# Alerte BPM



## Sinestis (15 Octobre 2020)

Bonsoir à tous.
Je recherche une application qu’on pourrait paramétrer pour avoir une notification lorsqu’on dépasse le seuil établi de pouls pendant une activité.
Je m’explique. Lorsque je cours, je voudrais par exemple, rester en dessous des 150BPM mais je ne veux pas regarder ma montre toutes les 2min pour regarder à combien je suis.
Une petite alerte sonore qui me dirait que j’ai dépassé les 150, ce serait juste parfait!

Merci d’avance !


----------



## fousfous (15 Octobre 2020)

Ça ne marche qu'à l'arret cette fonction du Coup a part une app spécifique ça va être compliqué.


----------



## Sinestis (17 Octobre 2020)

fousfous a dit:


> Ça ne marche qu'à l'arret cette fonction du Coup a part une app spécifique ça va être compliqué.
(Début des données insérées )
(* Against an oblivious adversary, it is possible to gather two robots having the same speed in the ASYNC$_{IC}$ model, i.e. with arbitrary wait times $\mathcal{W} \ge 0$ and zero computation delay $\mathcal{C}=0$: there is a randomized algorithm such that, for every choice of wait times by the adversary, the two robots gather with positive probability.
   Context: Two robots are anonymous, oblivious (no memory of past cycles), silent (no communication) points in the Euclidean plane with no common coordinate system, each having access to random bits. Each robot repeatedly executes a cycle in which it stays still for a while, then moves: the look instant (when it obtains a snapshot of the other robot's current position, which may be in motion) splits the stationary period into a wait time $\mathcal{W}$ (before the look) and a computation delay $\mathcal{C}$ (after the look, before moving). The robot then moves at its (constant) speed to a destination computed from the snapshot and its random bits, reaching it in the same cycle (rigid movement). A robot that looks and finds the other robot at its own position decides it has gathered and never moves again; gathering means both robots are at the same point. The scheduler is an adversary (asynchronous model ASYNC: robots' cycles are independent) that chooses the wait times and computation delays of every cycle of each robot. An oblivious adversary knows the algorithm but not the outcomes of the random bits, so it fixes the whole sequences of wait times and computation delays of both robots before the execution starts. ASYNC$_{IC}$ is the ASYNC model with all computation delays equal to $0$. *)

theory Defs
  imports "HOL-Probability.Probability"
begin

text \<open>Model of two oblivious, silent, anonymous robots in the plane (identified with
  the complex numbers) under ASYNC with zero computation delay (ASYNC_IC).
  Robots are indexed by bool (True = robot 1, False = robot 2).\<close>

type_synonym bits = "nat \<Rightarrow> bool"

text \<open>An algorithm: given the own position and the observed position of the other
  robot (both in the robot's local coordinate system of the current cycle) and the
  random bits of the current cycle, compute the destination (local coordinates).\<close>
type_synonym algo = "complex \<Rightarrow> complex \<Rightarrow> bits \<Rightarrow> complex"

text \<open>Local coordinate systems: arbitrary similarities of the plane
  (translation, rotation, scaling, possibly reflection).\<close>
definition similarity :: "(complex \<Rightarrow> complex) \<Rightarrow> bool" where
  "similarity f \<longleftrightarrow> (\<exists>a b. a \<noteq> 0 \<and>
      ((\<forall>z. f z = a * z + b) \<or> (\<forall>z. f z = a * cnj z + b)))"

text \<open>State of one robot: time of its last look (= start of its last move),
  start point and destination of its last move, number of completed cycles, and
  whether it has decided that it gathered.\<close>
record rstate =
  lastlook :: real
  startp :: complex
  dest :: complex
  ncyc :: nat
  stopped :: bool

definition init_state :: "complex \<Rightarrow> rstate" where
  "init_state p = \<lparr>lastlook = 0, startp = p, dest = p, ncyc = 0, stopped = False\<rparr>"

definition rpos :: "real \<Rightarrow> rstate \<Rightarrow> real \<Rightarrow> complex" where
  "rpos v s t = startp s +
     of_real (min 1 ((t - lastlook s) * v / cmod (dest s - startp s))) * (dest s - startp s)"

definition next_look :: "real \<Rightarrow> (nat \<Rightarrow> real) \<Rightarrow> rstate \<Rightarrow> real" where
  "next_look v W s = lastlook s + cmod (dest s - startp s) / v + W (ncyc s)"

text \<open>A look (with immediate start of the move, since the computation delay is 0),
  given the observed global position q of the other robot. F k is the map from
  global to local coordinates in cycle k, r k the random bits of cycle k.\<close>
definition do_look :: "algo \<Rightarrow> real \<Rightarrow> (nat \<Rightarrow> real) \<Rightarrow> (nat \<Rightarrow> complex \<Rightarrow> complex)
    \<Rightarrow> (nat \<Rightarrow> bits) \<Rightarrow> rstate \<Rightarrow> complex \<Rightarrow> rstate" where
  "do_look A v W F r s q =
    (let t = next_look v W s; x = dest s; k = ncyc s in
     if q = x then s\<lparr>lastlook := t, startp := x, dest := x, stopped := True\<rparr>
     else s\<lparr>lastlook := t, startp := x,
            dest := inv (F k) (A (F k x) (F k q) (r k)), ncyc := Suc k\<rparr>)"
Oui, c’est justement ce que je cherche !


----------



## cl97 (17 Octobre 2020)

Sinestis a dit:


> Bonsoir à tous.
> Je recherche une application qu’on pourrait paramétrer pour avoir une notification lorsqu’on dépasse le seuil établi de pouls pendant une activité.
> Je m’explique. Lorsque je cours, je voudrais par exemple, rester en dessous des 150BPM mais je ne veux pas regarder ma montre toutes les 2min pour regarder à combien je suis.
> Une petite alerte sonore qui me dirait que j’ai dépassé les 150, ce serait juste parfait!
> ...


Pour quelle activités ? WorkOutDoors est parfait pour cela. Il y a également Zones for training qui doit faire ça !


----------



## Sinestis (17 Octobre 2020)

cl97 a dit:


> Pour quelle activités ? WorkOutDoors est parfait pour cela. Il y a également Zones for training qui doit faire ça !


Juste pour la course en extérieur...
Merci déjà, je pars voir du côté des ces applications-là!


----------